### [PROVIDED INFORMATION]
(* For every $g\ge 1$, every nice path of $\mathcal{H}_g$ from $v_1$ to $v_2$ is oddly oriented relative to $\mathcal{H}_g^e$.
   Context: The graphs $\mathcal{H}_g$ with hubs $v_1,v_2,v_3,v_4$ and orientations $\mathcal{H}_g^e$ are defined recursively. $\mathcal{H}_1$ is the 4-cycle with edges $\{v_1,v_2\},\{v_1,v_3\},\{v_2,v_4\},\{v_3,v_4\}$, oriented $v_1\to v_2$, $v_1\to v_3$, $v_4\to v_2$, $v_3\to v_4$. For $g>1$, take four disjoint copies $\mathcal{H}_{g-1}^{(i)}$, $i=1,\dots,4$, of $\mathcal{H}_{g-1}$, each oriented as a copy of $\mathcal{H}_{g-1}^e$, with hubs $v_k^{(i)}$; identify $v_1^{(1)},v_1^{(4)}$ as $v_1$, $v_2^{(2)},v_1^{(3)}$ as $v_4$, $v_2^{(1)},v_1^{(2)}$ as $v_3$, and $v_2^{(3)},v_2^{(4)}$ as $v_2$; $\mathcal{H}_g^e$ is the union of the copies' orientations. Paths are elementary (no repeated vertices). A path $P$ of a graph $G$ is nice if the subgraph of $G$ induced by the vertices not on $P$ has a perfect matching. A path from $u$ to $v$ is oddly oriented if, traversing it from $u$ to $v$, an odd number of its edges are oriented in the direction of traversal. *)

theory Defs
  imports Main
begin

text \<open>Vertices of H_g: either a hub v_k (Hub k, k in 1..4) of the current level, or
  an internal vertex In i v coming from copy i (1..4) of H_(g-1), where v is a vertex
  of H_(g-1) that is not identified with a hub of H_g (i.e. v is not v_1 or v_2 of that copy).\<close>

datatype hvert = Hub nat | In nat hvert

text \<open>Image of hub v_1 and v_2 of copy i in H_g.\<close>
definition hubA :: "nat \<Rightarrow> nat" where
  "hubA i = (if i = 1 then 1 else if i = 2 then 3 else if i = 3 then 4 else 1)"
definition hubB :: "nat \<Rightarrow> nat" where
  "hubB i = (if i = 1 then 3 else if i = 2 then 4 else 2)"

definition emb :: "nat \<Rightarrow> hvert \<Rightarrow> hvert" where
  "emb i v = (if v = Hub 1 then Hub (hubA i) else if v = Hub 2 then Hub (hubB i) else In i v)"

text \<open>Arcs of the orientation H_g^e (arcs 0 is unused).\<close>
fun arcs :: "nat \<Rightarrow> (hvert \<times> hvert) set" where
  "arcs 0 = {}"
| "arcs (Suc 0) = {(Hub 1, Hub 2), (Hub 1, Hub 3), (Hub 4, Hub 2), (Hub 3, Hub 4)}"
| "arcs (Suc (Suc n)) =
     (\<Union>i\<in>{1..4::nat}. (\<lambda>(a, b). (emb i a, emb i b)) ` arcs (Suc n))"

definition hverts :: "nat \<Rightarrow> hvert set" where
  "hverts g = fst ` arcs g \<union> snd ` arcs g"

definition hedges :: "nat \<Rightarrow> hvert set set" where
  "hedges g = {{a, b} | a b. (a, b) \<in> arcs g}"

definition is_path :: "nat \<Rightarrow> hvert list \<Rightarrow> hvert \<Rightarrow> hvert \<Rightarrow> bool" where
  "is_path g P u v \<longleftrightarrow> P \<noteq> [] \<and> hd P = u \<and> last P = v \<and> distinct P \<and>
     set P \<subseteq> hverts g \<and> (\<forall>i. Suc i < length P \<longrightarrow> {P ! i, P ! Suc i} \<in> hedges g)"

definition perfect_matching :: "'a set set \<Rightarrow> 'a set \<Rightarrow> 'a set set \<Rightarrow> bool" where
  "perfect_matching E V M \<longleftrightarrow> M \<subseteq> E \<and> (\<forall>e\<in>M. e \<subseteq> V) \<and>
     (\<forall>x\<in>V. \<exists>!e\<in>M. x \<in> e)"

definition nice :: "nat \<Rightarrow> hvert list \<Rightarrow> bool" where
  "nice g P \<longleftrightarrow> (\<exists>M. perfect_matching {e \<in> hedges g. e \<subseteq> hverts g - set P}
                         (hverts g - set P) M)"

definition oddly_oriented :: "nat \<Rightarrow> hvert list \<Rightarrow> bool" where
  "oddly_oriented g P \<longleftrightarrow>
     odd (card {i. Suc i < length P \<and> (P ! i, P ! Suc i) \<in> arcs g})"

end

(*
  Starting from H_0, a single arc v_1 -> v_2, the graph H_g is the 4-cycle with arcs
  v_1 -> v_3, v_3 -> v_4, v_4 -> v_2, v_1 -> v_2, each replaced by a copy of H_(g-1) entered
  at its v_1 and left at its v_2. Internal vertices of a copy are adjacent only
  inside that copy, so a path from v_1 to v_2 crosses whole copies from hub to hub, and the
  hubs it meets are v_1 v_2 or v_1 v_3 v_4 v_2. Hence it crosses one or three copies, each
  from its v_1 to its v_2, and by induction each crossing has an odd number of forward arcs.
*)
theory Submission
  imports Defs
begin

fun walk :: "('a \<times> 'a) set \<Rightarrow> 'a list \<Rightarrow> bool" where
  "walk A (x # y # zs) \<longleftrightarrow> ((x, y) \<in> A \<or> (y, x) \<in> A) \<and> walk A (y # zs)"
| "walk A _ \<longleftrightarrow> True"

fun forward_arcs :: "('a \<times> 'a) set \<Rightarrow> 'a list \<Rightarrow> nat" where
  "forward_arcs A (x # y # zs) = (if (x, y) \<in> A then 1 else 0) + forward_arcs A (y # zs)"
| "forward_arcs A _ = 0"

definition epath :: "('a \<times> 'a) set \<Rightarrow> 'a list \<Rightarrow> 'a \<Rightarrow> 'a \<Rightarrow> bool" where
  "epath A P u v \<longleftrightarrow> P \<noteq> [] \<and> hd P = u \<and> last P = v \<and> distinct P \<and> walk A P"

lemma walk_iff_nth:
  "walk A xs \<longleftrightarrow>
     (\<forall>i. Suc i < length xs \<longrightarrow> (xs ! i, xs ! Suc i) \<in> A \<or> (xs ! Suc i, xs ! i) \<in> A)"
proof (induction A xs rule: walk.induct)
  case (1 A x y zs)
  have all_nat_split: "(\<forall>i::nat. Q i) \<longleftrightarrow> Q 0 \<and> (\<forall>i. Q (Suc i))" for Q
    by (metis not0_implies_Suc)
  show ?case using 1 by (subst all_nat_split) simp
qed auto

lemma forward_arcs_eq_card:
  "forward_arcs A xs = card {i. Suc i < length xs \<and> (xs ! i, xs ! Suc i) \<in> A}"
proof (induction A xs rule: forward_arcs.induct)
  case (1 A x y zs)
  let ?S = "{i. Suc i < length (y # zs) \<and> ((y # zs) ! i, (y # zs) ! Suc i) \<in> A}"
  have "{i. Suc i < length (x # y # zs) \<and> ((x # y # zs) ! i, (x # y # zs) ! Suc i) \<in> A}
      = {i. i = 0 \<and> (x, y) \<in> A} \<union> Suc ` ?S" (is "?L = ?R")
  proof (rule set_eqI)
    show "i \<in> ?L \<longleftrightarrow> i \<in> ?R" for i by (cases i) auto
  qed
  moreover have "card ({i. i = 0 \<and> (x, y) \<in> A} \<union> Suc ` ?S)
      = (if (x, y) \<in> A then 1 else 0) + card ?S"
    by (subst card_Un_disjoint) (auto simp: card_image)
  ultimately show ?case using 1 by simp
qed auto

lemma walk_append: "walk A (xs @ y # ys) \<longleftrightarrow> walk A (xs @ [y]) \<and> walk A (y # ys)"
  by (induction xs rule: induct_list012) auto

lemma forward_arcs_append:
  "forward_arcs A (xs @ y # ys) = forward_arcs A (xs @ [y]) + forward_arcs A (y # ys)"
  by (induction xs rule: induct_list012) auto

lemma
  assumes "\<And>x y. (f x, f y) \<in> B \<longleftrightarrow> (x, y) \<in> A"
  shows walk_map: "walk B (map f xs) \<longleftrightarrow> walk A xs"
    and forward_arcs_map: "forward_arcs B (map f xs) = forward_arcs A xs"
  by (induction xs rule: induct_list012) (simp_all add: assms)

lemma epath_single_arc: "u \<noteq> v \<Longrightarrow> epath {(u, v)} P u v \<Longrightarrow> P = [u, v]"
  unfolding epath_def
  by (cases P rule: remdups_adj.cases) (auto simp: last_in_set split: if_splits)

---

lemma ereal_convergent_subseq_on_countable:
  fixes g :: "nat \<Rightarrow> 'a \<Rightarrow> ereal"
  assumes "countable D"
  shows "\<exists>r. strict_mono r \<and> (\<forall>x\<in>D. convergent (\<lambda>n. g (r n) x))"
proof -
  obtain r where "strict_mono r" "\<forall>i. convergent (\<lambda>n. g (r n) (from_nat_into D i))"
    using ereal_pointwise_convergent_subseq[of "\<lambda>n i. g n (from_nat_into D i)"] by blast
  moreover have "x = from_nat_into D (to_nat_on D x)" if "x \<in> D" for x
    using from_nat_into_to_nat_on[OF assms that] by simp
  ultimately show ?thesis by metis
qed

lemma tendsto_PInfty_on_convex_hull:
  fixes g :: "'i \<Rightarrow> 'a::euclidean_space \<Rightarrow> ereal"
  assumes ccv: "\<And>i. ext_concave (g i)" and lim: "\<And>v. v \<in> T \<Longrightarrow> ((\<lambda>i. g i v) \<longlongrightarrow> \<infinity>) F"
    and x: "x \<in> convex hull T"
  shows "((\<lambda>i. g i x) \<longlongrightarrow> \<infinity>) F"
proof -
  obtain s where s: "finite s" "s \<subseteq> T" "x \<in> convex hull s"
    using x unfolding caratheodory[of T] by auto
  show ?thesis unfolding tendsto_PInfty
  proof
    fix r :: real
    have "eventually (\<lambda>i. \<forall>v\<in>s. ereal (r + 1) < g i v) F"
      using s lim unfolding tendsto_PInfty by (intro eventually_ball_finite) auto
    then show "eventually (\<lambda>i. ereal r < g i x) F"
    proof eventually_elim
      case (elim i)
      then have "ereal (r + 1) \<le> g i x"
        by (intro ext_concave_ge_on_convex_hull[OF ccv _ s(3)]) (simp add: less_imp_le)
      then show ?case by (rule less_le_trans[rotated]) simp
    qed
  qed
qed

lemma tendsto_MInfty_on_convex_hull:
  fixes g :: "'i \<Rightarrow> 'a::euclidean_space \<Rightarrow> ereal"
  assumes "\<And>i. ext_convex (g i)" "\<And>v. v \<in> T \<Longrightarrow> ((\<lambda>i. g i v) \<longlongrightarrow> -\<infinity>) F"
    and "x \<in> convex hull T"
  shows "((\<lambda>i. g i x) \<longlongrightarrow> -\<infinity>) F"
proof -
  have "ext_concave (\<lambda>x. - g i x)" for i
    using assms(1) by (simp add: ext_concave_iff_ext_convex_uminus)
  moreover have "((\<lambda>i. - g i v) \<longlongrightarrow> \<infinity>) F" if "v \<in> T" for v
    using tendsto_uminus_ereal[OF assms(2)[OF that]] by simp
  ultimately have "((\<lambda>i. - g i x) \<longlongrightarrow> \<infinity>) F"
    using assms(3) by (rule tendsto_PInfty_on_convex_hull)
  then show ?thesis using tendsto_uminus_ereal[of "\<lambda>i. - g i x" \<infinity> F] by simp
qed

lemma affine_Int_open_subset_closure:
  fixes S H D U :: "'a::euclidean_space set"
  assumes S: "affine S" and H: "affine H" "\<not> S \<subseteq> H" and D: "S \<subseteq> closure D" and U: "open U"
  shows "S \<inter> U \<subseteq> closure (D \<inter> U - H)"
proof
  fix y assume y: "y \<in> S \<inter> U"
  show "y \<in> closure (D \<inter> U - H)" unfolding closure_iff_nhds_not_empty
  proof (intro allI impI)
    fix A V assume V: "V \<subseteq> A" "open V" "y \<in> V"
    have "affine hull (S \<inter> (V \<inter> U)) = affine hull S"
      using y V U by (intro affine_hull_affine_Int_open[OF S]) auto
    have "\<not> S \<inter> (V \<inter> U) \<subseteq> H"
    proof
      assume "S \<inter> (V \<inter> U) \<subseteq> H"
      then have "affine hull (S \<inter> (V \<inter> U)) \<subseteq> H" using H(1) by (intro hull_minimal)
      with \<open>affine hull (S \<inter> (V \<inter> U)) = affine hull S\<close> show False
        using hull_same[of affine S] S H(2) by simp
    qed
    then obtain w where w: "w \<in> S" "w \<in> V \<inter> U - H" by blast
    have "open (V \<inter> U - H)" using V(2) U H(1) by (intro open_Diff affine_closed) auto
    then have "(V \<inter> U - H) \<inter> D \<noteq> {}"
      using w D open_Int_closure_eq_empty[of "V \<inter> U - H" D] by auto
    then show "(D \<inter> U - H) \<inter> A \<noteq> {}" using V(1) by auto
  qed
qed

### [REQUIRED ACTION]
A single number is required: the count of lines in the entries that include the word "hubB".

### [ANSWER AREA]
3